## Exercise
The records follow. Give them all back exactly.

## Information provided
lemma mwl_color_Suc_eq_iff_pair:
  "color (Suc t) x = color (Suc t) y \<longleftrightarrow>
     color t x = color t y \<and> freq (neighbour_colors t x) = freq (neighbour_colors t y)"
proof -
  have "inj_on (relabel t) {x. finite (snd x)}" using adm by (simp add: admissible_relabel_def)
  moreover have "finite (freq M)" for M :: "nat multiset" by (simp add: freq_def)
  ultimately show ?thesis by (simp add: inj_on_eq_iff)
qed

lemma freq_neighbour_colors_Suc_imp:
  "freq (neighbour_colors (Suc t) x) = freq (neighbour_colors (Suc t) y) \<Longrightarrow>
     freq (neighbour_colors t x) = freq (neighbour_colors t y)"
  by (rule freq_image_mset_factor) (use mwl_color_Suc_eq_iff_pair in blast)+

lemma mwl_color_Suc_eq_iff:
  "color (Suc t) x = color (Suc t) y \<longleftrightarrow>
     lab x = lab y \<and> freq (neighbour_colors t x) = freq (neighbour_colors t y)"
proof (induction t arbitrary: x y)
  case 0
  then show ?case by (simp only: mwl_color_Suc_eq_iff_pair mwl_color_0_eq_iff)
next
  case (Suc t)
  have "color (Suc (Suc t)) x = color (Suc (Suc t)) y \<longleftrightarrow>
      color (Suc t) x = color (Suc t) y \<and>
      freq (neighbour_colors (Suc t) x) = freq (neighbour_colors (Suc t) y)"
    by (rule mwl_color_Suc_eq_iff_pair)
  also have "\<dots> \<longleftrightarrow> lab x = lab y \<and> freq (neighbour_colors t x) = freq (neighbour_colors t y) \<and>
      freq (neighbour_colors (Suc t) x) = freq (neighbour_colors (Suc t) y)"
    by (simp only: Suc.IH conj_assoc)
  also have "\<dots> \<longleftrightarrow> lab x = lab y \<and>
      freq (neighbour_colors (Suc t) x) = freq (neighbour_colors (Suc t) y)"
    using freq_neighbour_colors_Suc_imp by blast
  finally show ?case .
qed

end

lemma mset_enum_set:
  assumes "finite A"
  shows "mset (enum_set A) = mset_set A"
proof -
  have "\<exists>xs. distinct xs \<and> set xs = A" using finite_distinct_list[OF assms] by blast
  then have "distinct (enum_set A) \<and> set (enum_set A) = A"
    unfolding enum_set_def by (rule someI_ex)
  then show ?thesis by (metis mset_set_set)
qed

lemma mtree_of_m_unr_Suc:
  assumes "finite (nbhd V E u)"
  shows "mtree_of (m_unr V E lab u (Suc L)) = MNode (lab u)
    (mset_reduce (image_mset (\<lambda>w. mtree_of (m_unr V E lab w L)) (mset_set (nbhd V E u))))"
  using assms
  by (simp add: m_unr_def mset_prune_children mset_enum_set image_mset.compositionality comp_def)

lemma mtree_of_m_unr_eq_iff:
  assumes "finite V" and adm: "admissible_relabel enc relabel"
  shows "mtree_of (m_unr V E lab u L) = mtree_of (m_unr V E lab v L) \<longleftrightarrow>
    mwl_color enc relabel V E lab L u = mwl_color enc relabel V E lab L v"
proof (induction L arbitrary: u v)
  case 0
  show ?case
    using mwl_color_0_eq_iff[where lab = lab, OF adm] by (simp add: m_unr_def prune_children_def Let_def)
next
  case (Suc L)
  let ?T = "\<lambda>w. mtree_of (m_unr V E lab w L)" and ?C = "mwl_color enc relabel V E lab L"
  let ?N = "\<lambda>w. mset_set (nbhd V E w)"
  have "finite (nbhd V E w)" for w using \<open>finite V\<close> by (simp add: nbhd_def)
  then have "mtree_of (m_unr V E lab u (Suc L)) = mtree_of (m_unr V E lab v (Suc L)) \<longleftrightarrow>
      lab u = lab v \<and> freq (image_mset ?T (?N u)) = freq (image_mset ?T (?N v))"
    by (simp add: mtree_of_m_unr_Suc mset_reduce_eq_iff_freq_eq)
  also have "freq (image_mset ?T (?N u)) = freq (image_mset ?T (?N v)) \<longleftrightarrow>
      freq (image_mset ?C (?N u)) = freq (image_mset ?C (?N v))"
  proof
    assume "freq (image_mset ?T (?N u)) = freq (image_mset ?T (?N v))"
    then show "freq (image_mset ?C (?N u)) = freq (image_mset ?C (?N v))"
      by (rule freq_image_mset_factor) (simp add: Suc.IH)
  next
    assume "freq (image_mset ?C (?N u)) = freq (image_mset ?C (?N v))"
    then show "freq (image_mset ?T (?N u)) = freq (image_mset ?T (?N v))"
      by (rule freq_image_mset_factor) (simp add: Suc.IH)
  qed
  finally show ?case by (simp only: mwl_color_Suc_eq_iff[where lab = lab, OF adm])
qed

theorem mainTheorem1:
  fixes V :: "'v set" and E :: "'v \<Rightarrow> 'v \<Rightarrow> bool" and lab :: "'v \<Rightarrow> 'l"
    and enc :: "'l \<Rightarrow> nat" and relabel :: "nat \<Rightarrow> nat \<times> (nat \<times> rat) set \<Rightarrow> nat"
    and L :: nat and u v :: 'v
  assumes "graph V E" and "admissible_relabel enc relabel"
    and "u \<in> V" and "v \<in> V"
  shows "mwl_color enc relabel V E lab L u = mwl_color enc relabel V E lab L v
     \<longleftrightarrow> tree_iso (m_unr V E lab u L) (m_unr V E lab v L)"
proof -
  have "finite V" using \<open>graph V E\<close> by (simp add: graph_def)
  then show ?thesis
    by (simp add: tree_iso_iff_mtree_of_eq mtree_of_m_unr_eq_iff[OF _ \<open>admissible_relabel enc relabel\<close>])
qed

end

## Response to this exercise
lemma mwl_color_Suc_eq_iff_pair:
  "color (Suc t) x = color (Suc t) y \<longleftrightarrow>
     color t x = color t y \<and> freq (neighbour_colors t x) = freq (neighbour_colors t y)"
proof -
  have "inj_on (relabel t) {x. finite (snd x)}" using adm by (simp add: admissible_relabel_def)
  moreover have "finite (freq M)" for M :: "nat multiset" by (simp add: freq_def)
  ultimately show ?thesis by (simp add: inj_on_eq_iff)
qed

lemma freq_neighbour_colors_Suc_imp:
  "freq (neighbour_colors (Suc t) x) = freq (neighbour_colors (Suc t) y) \<Longrightarrow>
     freq (neighbour_colors t x) = freq (neighbour_colors t y)"
  by (rule freq_image_mset_factor) (use mwl_color_Suc_eq_iff_pair in blast)+

lemma mwl_color_Suc_eq_iff:
  "color (Suc t) x = color (Suc t) y \<longleftrightarrow>
     lab x = lab y \<and> freq (neighbour_colors t x) = freq (neighbour_colors t y)"
proof (induction t arbitrary: x y)
  case 0
  then show ?case by (simp only: mwl_color_Suc_eq_iff_pair mwl_color_0_eq_iff)
next
  case (Suc t)
  have "color (Suc (Suc t)) x = color (Suc (Suc t)) y \<longleftrightarrow>
      color (Suc t) x = color (Suc t) y \<and>
      freq (neighbour_colors (Suc t) x) = freq (neighbour_colors (Suc t) y)"
    by (rule mwl_color_Suc_eq_iff_pair)
  also have "\<dots> \<longleftrightarrow> lab x = lab y \<and> freq (neighbour_colors t x) = freq (neighbour_colors t y) \<and>
      freq (neighbour_colors (Suc t) x) = freq (neighbour_colors (Suc t) y)"
    by (simp only: Suc.IH conj_assoc)
  also have "\<dots> \<longleftrightarrow> lab x = lab y \<and>
      freq (neighbour_colors (Suc t) x) = freq (neighbour_colors (Suc t) y)"
    using freq_neighbour_colors_Suc_imp by blast
  finally show ?case .
qed

end

lemma mset_enum_set:
  assumes "finite A"
  shows "mset (enum_set A) = mset_set A"
proof -
  have "\<exists>xs. distinct xs \<and> set xs = A" using finite_distinct_list[OF assms] by blast
  then have "distinct (enum_set A) \<and> set (enum_set A) = A"
    unfolding enum_set_def by (rule someI_ex)
  then show ?thesis by (metis mset_set_set)
qed

lemma mtree_of_m_unr_Suc:
  assumes "finite (nbhd V E u)"
  shows "mtree_of (m_unr V E lab u (Suc L)) = MNode (lab u)
    (mset_reduce (image_mset (\<lambda>w. mtree_of (m_unr V E lab w L)) (mset_set (nbhd V E u))))"
  using assms
  by (simp add: m_unr_def mset_prune_children mset_enum_set image_mset.compositionality comp_def)

lemma mtree_of_m_unr_eq_iff:
  assumes "finite V" and adm: "admissible_relabel enc relabel"
  shows "mtree_of (m_unr V E lab u L) = mtree_of (m_unr V E lab v L) \<longleftrightarrow>
    mwl_color enc relabel V E lab L u = mwl_color enc relabel V E lab L v"
proof (induction L arbitrary: u v)
  case 0
  show ?case
    using mwl_color_0_eq_iff[where lab = lab, OF adm] by (simp add: m_unr_def prune_children_def Let_def)
next
  case (Suc L)
  let ?T = "\<lambda>w. mtree_of (m_unr V E lab w L)" and ?C = "mwl_color enc relabel V E lab L"
  let ?N = "\<lambda>w. mset_set (nbhd V E w)"
  have "finite (nbhd V E w)" for w using \<open>finite V\<close> by (simp add: nbhd_def)
  then have "mtree_of (m_unr V E lab u (Suc L)) = mtree_of (m_unr V E lab v (Suc L)) \<longleftrightarrow>
      lab u = lab v \<and> freq (image_mset ?T (?N u)) = freq (image_mset ?T (?N v))"
    by (simp add: mtree_of_m_unr_Suc mset_reduce_eq_iff_freq_eq)
  also have "freq (image_mset ?T (?N u)) = freq (image_mset ?T (?N v)) \<longleftrightarrow>
      freq (image_mset ?C (?N u)) = freq (image_mset ?C (?N v))"
  proof
    assume "freq (image_mset ?T (?N u)) = freq (image_mset ?T (?N v))"
    then show "freq (image_mset ?C (?N u)) = freq (image_mset ?C (?N v))"
      by (rule freq_image_mset_factor) (simp add: Suc.IH)
  next
    assume "freq (image_mset ?C (?N u)) = freq (image_mset ?C (?N v))"
    then show "freq (image_mset ?T (?N u)) = freq (image_mset ?T (?N v))"
      by (rule freq_image_mset_factor) (simp add: Suc.IH)
  qed
  finally show ?case by (simp only: mwl_color_Suc_eq_iff[where lab = lab, OF adm])
qed

theorem mainTheorem1:
  fixes V :: "'v set" and E :: "'v \<Rightarrow> 'v \<Rightarrow> bool" and lab :: "'v \<Rightarrow> 'l"
    and enc :: "'l \<Rightarrow> nat" and relabel :: "nat \<Rightarrow> nat \<times> (nat \<times> rat) set \<Rightarrow> nat"
    and L :: nat and u v :: 'v
  assumes "graph V E" and "admissible_relabel enc relabel"
    and "u \<in> V" and "v \<in> V"
  shows "mwl_color enc relabel V E lab L u = mwl_color enc relabel V E lab L v
     \<longleftrightarrow> tree_iso (m_unr V E lab u L) (m_unr V E lab v L)"
proof -
  have "finite V" using \<open>graph V E\<close> by (simp add: graph_def)
  then show ?thesis
    by (simp add: tree_iso_iff_mtree_of_eq mtree_of_m_unr_eq_iff[OF _ \<open>admissible_relabel enc relabel\<close>])
qed

end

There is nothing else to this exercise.